▶ [Description of the task]
Look below for the lines from the one with "(\<lambda>\<omega>. g \<omega> * (1 + cos" to the one with "(\<lambda>\<omega>. g \<omega> * indicator", and copy exactly those lines, both ends included.

▶ [Data for the task]

(* Let $d\ge2$ and let $W=(W(x))_{x\in\mathbf{R}^d}$ be a centered Gaussian field which is almost surely continuous with $W(0)=0$ almost surely, and let $K(x,y)=E[W(x)W(y)]$. Let $S^{d-1}$ be the unit sphere with surface measure $dy$. If there exists $\varepsilon>0$ such that \[\inf_{x\in S^{d-1}}\int_{S^{d-1}}K(x,y)\,dy\ge\varepsilon,\] then for every $a\in\mathbf{R}$, \[P\Big(\inf_{x\in S^{d-1}}W(x)\ge a\Big)>0.\] *)

theory Defs
  imports "HOL-Probability.Probability"
begin

definition centered_gaussian :: "real \<Rightarrow> real measure" where
  "centered_gaussian \<sigma> =
     (if \<sigma> = 0 then return borel 0 else density lborel (normal_density 0 \<sigma>))"

definition centered_gaussian_field :: "'w measure \<Rightarrow> ('t \<Rightarrow> 'w \<Rightarrow> real) \<Rightarrow> bool" where
  "centered_gaussian_field M W \<longleftrightarrow>
     prob_space M \<and>
     (\<forall>x. W x \<in> borel_measurable M) \<and>
     (\<forall>(I::nat set) (p::nat \<Rightarrow> 't) (c::nat \<Rightarrow> real). finite I \<longrightarrow>
        (\<exists>\<sigma>\<ge>0. distr M borel (\<lambda>\<omega>. \<Sum>i\<in>I. c i * W (p i) \<omega>) = centered_gaussian \<sigma>))"

text \<open>Surface measure on the unit sphere of R^n: sigma(A) = n * Lebesgue measure of the cone
  {t y | 0 < t <= 1, y in A}, realised as n times the push-forward of Lebesgue measure on
  the punctured unit ball under x |-> x / |x|.\<close>
definition sphere_surface_measure :: "(real^'n) measure" where
  "sphere_surface_measure =
     scale_measure (of_nat CARD('n))
       (distr (restrict_space lborel (cball 0 1 - {0})) (restrict_space borel (sphere 0 1))
          (\<lambda>x. x /\<^sub>R norm x))"

end

theory Submission
  imports Defs
begin

text \<open>
  Discretising the spherical integral gives a finite combination \<open>Y = (\<Sum>j. w\<^sub>j W(y\<^sub>j))\<close>
  with \<open>E[W(x) Y] \<ge> \<epsilon>/2\<close> on the sphere. Write \<open>W(x) = c(x) Y + R(x)\<close> with \<open>R(x)\<close>
  orthogonal to \<open>Y\<close>, hence independent of \<open>Y\<close> since the field is Gaussian. The residual field
  has continuous paths, so it is bounded by some \<open>b\<close> on the sphere with positive probability;
  intersecting with the independent event \<open>Y \<ge> t\<close> for large \<open>t\<close> gives
  \<open>W(x) \<ge> c(x) t - b \<ge> a\<close> on an event of positive probability. Independence of orthogonal
  Gaussian variables comes from the fact that joint characteristic functions determine joint laws,
  which is reduced to Levy's univariate uniqueness theorem by induction on the number of variables.
\<close>

lemma normalized_weighted_distribution:
  fixes X w :: "'a \<Rightarrow> real"
  assumes "prob_space M" and [measurable]: "X \<in> borel_measurable M" "w \<in> borel_measurable M"
    and w: "w \<in> space M \<rightarrow> {0..K}"
    and c: "(\<integral>\<omega>. w \<omega> \<partial>M) = c" "c > 0"
  shows "real_distribution (distr (density M (\<lambda>\<omega>. w \<omega> / c)) borel X)" (is "real_distribution ?D")
    and "char (distr (density M (\<lambda>\<omega>. w \<omega> / c)) borel X) t
      = (\<integral>\<omega>. w \<omega> *\<^sub>R iexp (t * X \<omega>) \<partial>M) / c"
    and "B \<in> sets borel \<Longrightarrow> measure (distr (density M (\<lambda>\<omega>. w \<omega> / c)) borel X) B
      = (\<integral>\<omega>. w \<omega> * indicator B (X \<omega>) \<partial>M) / c"
proof -
  interpret prob_space M by fact
  have w_nonneg: "AE \<omega> in M. 0 \<le> w \<omega> / c" using w c by (intro AE_I2) (auto simp: Pi_iff)
  have "integrable M w"
    using w by (intro integrable_const_bound[where B=K]) (auto simp: Pi_iff)
  have "emeasure (density M (\<lambda>\<omega>. w \<omega> / c)) (space M) = (\<integral>\<^sup>+\<omega>. ennreal (w \<omega> / c) \<partial>M)"
    by (simp add: emeasure_density)
  also have "\<dots> = ennreal (\<integral>\<omega>. w \<omega> / c \<partial>M)"
    using \<open>integrable M w\<close> w_nonneg by (intro nn_integral_eq_integral) auto
  also have "\<dots> = 1" using c by simp
  finally have "prob_space (density M (\<lambda>\<omega>. w \<omega> / c))"
    by (intro prob_spaceI) simp
  then show D: "real_distribution ?D"
    unfolding real_distribution_def real_distribution_axioms_def
    by (auto intro!: prob_space.prob_space_distr)
  show "char ?D t = (\<integral>\<omega>. w \<omega> *\<^sub>R iexp (t * X \<omega>) \<partial>M) / c"
  proof -
    have "char ?D t = (\<integral>\<omega>. (w \<omega> / c) *\<^sub>R iexp (t * X \<omega>) \<partial>M)"
      unfolding char_def using w_nonneg
      by (simp add: integral_distr integral_density)
    also have "\<dots> = (1 / c) *\<^sub>R (\<integral>\<omega>. w \<omega> *\<^sub>R iexp (t * X \<omega>) \<partial>M)"
      by (subst integral_scaleR_right[symmetric]) simp
    also have "\<dots> = (\<integral>\<omega>. w \<omega> *\<^sub>R iexp (t * X \<omega>) \<partial>M) / c"
      by (simp add: scaleR_conv_of_real field_simps)
    finally show ?thesis .
  qed
  show "measure ?D B = (\<integral>\<omega>. w \<omega> * indicator B (X \<omega>) \<partial>M) / c"
    if [measurable]: "B \<in> sets borel"
  proof -
    interpret D: real_distribution ?D by (rule D)
    have "measure ?D B = (\<integral>x. indicator B x \<partial>?D)"
      by (simp add: D.emeasure_finite)
    also have "\<dots> = (\<integral>\<omega>. indicator B (X \<omega>) \<partial>density M (\<lambda>\<omega>. w \<omega> / c))"
      by (rule integral_distr) auto
    also have "\<dots> = (\<integral>\<omega>. w \<omega> * indicator B (X \<omega>) \<partial>M) / c"
      using w_nonneg by (simp add: integral_density)
    finally show ?thesis .
  qed
qed

lemma integral_weight_indicator_le:
  fixes X w :: "'a \<Rightarrow> real"
  assumes "prob_space M" and [measurable]: "X \<in> borel_measurable M" "w \<in> borel_measurable M" "B \<in> sets borel"
    and w: "w \<in> space M \<rightarrow> {0..K}"
  shows "0 \<le> (\<integral>\<omega>. w \<omega> * indicator B (X \<omega>) \<partial>M)"
    and "(\<integral>\<omega>. w \<omega> * indicator B (X \<omega>) \<partial>M) \<le> (\<integral>\<omega>. w \<omega> \<partial>M)"
proof -
  interpret prob_space M by fact
  have K: "0 \<le> K" using w not_empty by (fastforce simp: Pi_iff)
  show "0 \<le> (\<integral>\<omega>. w \<omega> * indicator B (X \<omega>) \<partial>M)"
    using w by (intro integral_nonneg_AE AE_I2) (auto simp: Pi_iff)
  show "(\<integral>\<omega>. w \<omega> * indicator B (X \<omega>) \<partial>M) \<le> (\<integral>\<omega>. w \<omega> \<partial>M)"
    using w K by (intro integral_mono integrable_const_bound[where B=K])
      (auto simp: indicator_def Pi_iff)
qed

lemma weighted_Levy_uniqueness:
  fixes X w :: "'a \<Rightarrow> real" and X' w' :: "'b \<Rightarrow> real"
  assumes M: "prob_space M" and N: "prob_space N"
    and X[measurable]: "X \<in> borel_measurable M" and wm[measurable]: "w \<in> borel_measurable M"
    and X'[measurable]: "X' \<in> borel_measurable N" and wm'[measurable]: "w' \<in> borel_measurable N"
    and w: "w \<in> space M \<rightarrow> {0..K}"
    and w': "w' \<in> space N \<rightarrow> {0..K}"
    and char_eq: "\<And>t. (\<integral>\<omega>. w \<omega> *\<^sub>R iexp (t * X \<omega>) \<partial>M) = (\<integral>\<omega>. w' \<omega> *\<^sub>R iexp (t * X' \<omega>) \<partial>N)"
    and B[measurable]: "B \<in> sets borel"
  shows "(\<integral>\<omega>. w \<omega> * indicator B (X \<omega>) \<partial>M) = (\<integral>\<omega>. w' \<omega> * indicator B (X' \<omega>) \<partial>N)"
proof -
  have mass_eq: "(\<integral>\<omega>. w \<omega> \<partial>M) = (\<integral>\<omega>. w' \<omega> \<partial>N)"
    using char_eq[of 0] by (simp add: scaleR_conv_of_real)
  have "0 \<le> (\<integral>\<omega>. w \<omega> \<partial>M)" using w by (intro integral_nonneg_AE AE_I2) (auto simp: Pi_iff)
  then consider "(\<integral>\<omega>. w \<omega> \<partial>M) = 0" | "(\<integral>\<omega>. w \<omega> \<partial>M) > 0" by linarith
  then show ?thesis
  proof cases
    case 1
    have "(\<integral>\<omega>. w \<omega> * indicator B (X \<omega>) \<partial>M) = 0"
      using integral_weight_indicator_le[OF M X wm B w] 1 by (simp add: order_antisym)
    moreover have "(\<integral>\<omega>. w' \<omega> * indicator B (X' \<omega>) \<partial>N) = 0"
      using integral_weight_indicator_le[OF N X' wm' B w'] 1 mass_eq by (simp add: order_antisym)
    ultimately show ?thesis by simp
  next
    case 2
    let ?c = "\<integral>\<omega>. w \<omega> \<partial>M"
    note D = normalized_weighted_distribution[OF M X wm w refl 2]
    note D' = normalized_weighted_distribution[OF N X' wm' w' mass_eq[symmetric] 2]
    have "distr (density M (\<lambda>\<omega>. w \<omega> / ?c)) borel X = distr (density N (\<lambda>\<omega>. w' \<omega> / ?c)) borel X'"
      using D(1) D'(1) by (rule Levy_uniqueness, intro ext) (simp only: D(2) D'(2) char_eq)
    then show ?thesis
      using D(3)[OF B] D'(3)[OF B] 2 by simp
  qed
qed

lemma iexp_eq_cis: "iexp x = cis x"
  by (simp add: cis_conv_exp)

lemma integral_trig_weight_iexp:
  fixes g p Y :: "'a \<Rightarrow> real"
  assumes "prob_space M"
    and [measurable]: "g \<in> borel_measurable M" "p \<in> borel_measurable M" "Y \<in> borel_measurable M"
    and g: "g \<in> space M \<rightarrow> {-1..1}"
  shows "(\<integral>\<omega>. (g \<omega> * (1 + a * cos (p \<omega>) + b * sin (p \<omega>))) *\<^sub>R iexp (t * Y \<omega>) \<partial>M) =
     (\<integral>\<omega>. g \<omega> *\<^sub>R iexp (t * Y \<omega>) \<partial>M)
     + ((a - \<i> * b) / 2) * (\<integral>\<omega>. g \<omega> *\<^sub>R iexp (t * Y \<omega> + p \<omega>) \<partial>M)
     + ((a + \<i> * b) / 2) * (\<integral>\<omega>. g \<omega> *\<^sub>R iexp (t * Y \<omega> - p \<omega>) \<partial>M)"
proof -
  interpret prob_space M by fact
  have int: "integrable M (\<lambda>\<omega>. g \<omega> *\<^sub>R iexp (q \<omega>))" if [measurable]: "q \<in> borel_measurable M" for q
    using g by (intro integrable_const_bound[where B=1] AE_I2) (auto simp: norm_mult Pi_iff abs_le_iff)
  have pointwise: "(g \<omega> * (1 + a * cos (p \<omega>) + b * sin (p \<omega>))) *\<^sub>R iexp (t * Y \<omega>) =
      g \<omega> *\<^sub>R iexp (t * Y \<omega>) + ((a - \<i> * b) / 2) * (g \<omega> *\<^sub>R iexp (t * Y \<omega> + p \<omega>))
      + ((a + \<i> * b) / 2) * (g \<omega> *\<^sub>R iexp (t * Y \<omega> - p \<omega>))" for \<omega>
    unfolding iexp_eq_cis by (simp add: complex_eq_iff cos_add sin_add cos_diff sin_diff field_simps)
  have "integrable M (\<lambda>\<omega>. g \<omega> *\<^sub>R iexp (t * Y \<omega>))"
    "integrable M (\<lambda>\<omega>. g \<omega> *\<^sub>R iexp (t * Y \<omega> + p \<omega>))"
    "integrable M (\<lambda>\<omega>. g \<omega> *\<^sub>R iexp (t * Y \<omega> - p \<omega>))"
    by (intro int; measurable)+
  then show ?thesis
    unfolding pointwise
    by (simp only: Bochner_Integration.integral_add Bochner_Integration.integrable_add
        Bochner_Integration.integrable_mult_right integral_mult_right_zero)
qed

lemma integral_weight_indicator_iexp:
  fixes g X \<phi> :: "'a \<Rightarrow> real"
  assumes "prob_space M"
    and [measurable]: "g \<in> borel_measurable M" "X \<in> borel_measurable M" "\<phi> \<in> borel_measurable M"
      "B \<in> sets borel"
    and g: "g \<in> space M \<rightarrow> {0..1}"
  shows "(\<integral>\<omega>. (g \<omega> * indicator B (X \<omega>)) *\<^sub>R iexp (\<phi> \<omega>) \<partial>M) =
    of_real ((\<integral>\<omega>. g \<omega> * (1 + cos (\<phi> \<omega>)) * indicator B (X \<omega>) \<partial>M)
      - (\<integral>\<omega>. g \<omega> * indicator B (X \<omega>) \<partial>M))
    + \<i> * of_real ((\<integral>\<omega>. g \<omega> * (1 + sin (\<phi> \<omega>)) * indicator B (X \<omega>) \<partial>M)
      - (\<integral>\<omega>. g \<omega> * indicator B (X \<omega>) \<partial>M))"
proof -
  interpret prob_space M by fact
  have int: "integrable M (\<lambda>\<omega>. g \<omega> * c \<omega> * indicator B (X \<omega>))"
    if [measurable]: "c \<in> borel_measurable M" and c: "\<And>\<omega>. \<bar>c \<omega>\<bar> \<le> 2" for c
  proof (intro integrable_const_bound[where B=2] AE_I2)
    fix \<omega> assume "\<omega> \<in> space M"
    then have "\<bar>g \<omega>\<bar> * \<bar>c \<omega>\<bar> \<le> 1 * 2"
      using g c[of \<omega>] by (intro mult_mono) (auto simp: Pi_iff)
    then show "norm (g \<omega> * c \<omega> * indicator B (X \<omega>)) \<le> 2"
      by (auto simp: indicator_def abs_mult)
  qed measurable
  have "integrable M (\<lambda>\<omega>. g \<omega> * (1 + cos (\<phi> \<omega>)) * indicator B (X \<omega>))"
    "integrable M (\<lambda>\<omega>. g \<omega> * (1 + sin (\<phi> \<omega>)) * indicator B (X \<omega>))"
    "integrable M (\<lambda>\<omega>. g \<omega> * indicator B (X \<omega>))"
    using int[of "\<lambda>\<omega>. 1 + cos (\<phi> \<omega>)"] int[of "\<lambda>\<omega>. 1 + sin (\<phi> \<omega>)"] int[of "\<lambda>_. 1"]
    by (simp_all add: abs_le_iff) (smt (verit) cos_ge_minus_one sin_ge_minus_one)+
  moreover have "(g \<omega> * indicator B (X \<omega>)) *\<^sub>R iexp (\<phi> \<omega>) =
      of_real (g \<omega> * (1 + cos (\<phi> \<omega>)) * indicator B (X \<omega>) - g \<omega> * indicator B (X \<omega>))
      + \<i> * of_real (g \<omega> * (1 + sin (\<phi> \<omega>)) * indicator B (X \<omega>) - g \<omega> * indicator B (X \<omega>))"
    for \<omega>
    unfolding iexp_eq_cis by (simp add: complex_eq_iff algebra_simps)
  ultimately show ?thesis
    by (simp only: Bochner_Integration.integral_add Bochner_Integration.integral_diff
        Bochner_Integration.integrable_add Bochner_Integration.integrable_diff integrable_of_real
        Bochner_Integration.integrable_mult_right integral_mult_right_zero integral_complex_of_real)
qed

▶ [Response area]
  have "integrable M (\<lambda>\<omega>. g \<omega> * (1 + cos (\<phi> \<omega>)) * indicator B (X \<omega>))"
    "integrable M (\<lambda>\<omega>. g \<omega> * (1 + sin (\<phi> \<omega>)) * indicator B (X \<omega>))"
    "integrable M (\<lambda>\<omega>. g \<omega> * indicator B (X \<omega>))"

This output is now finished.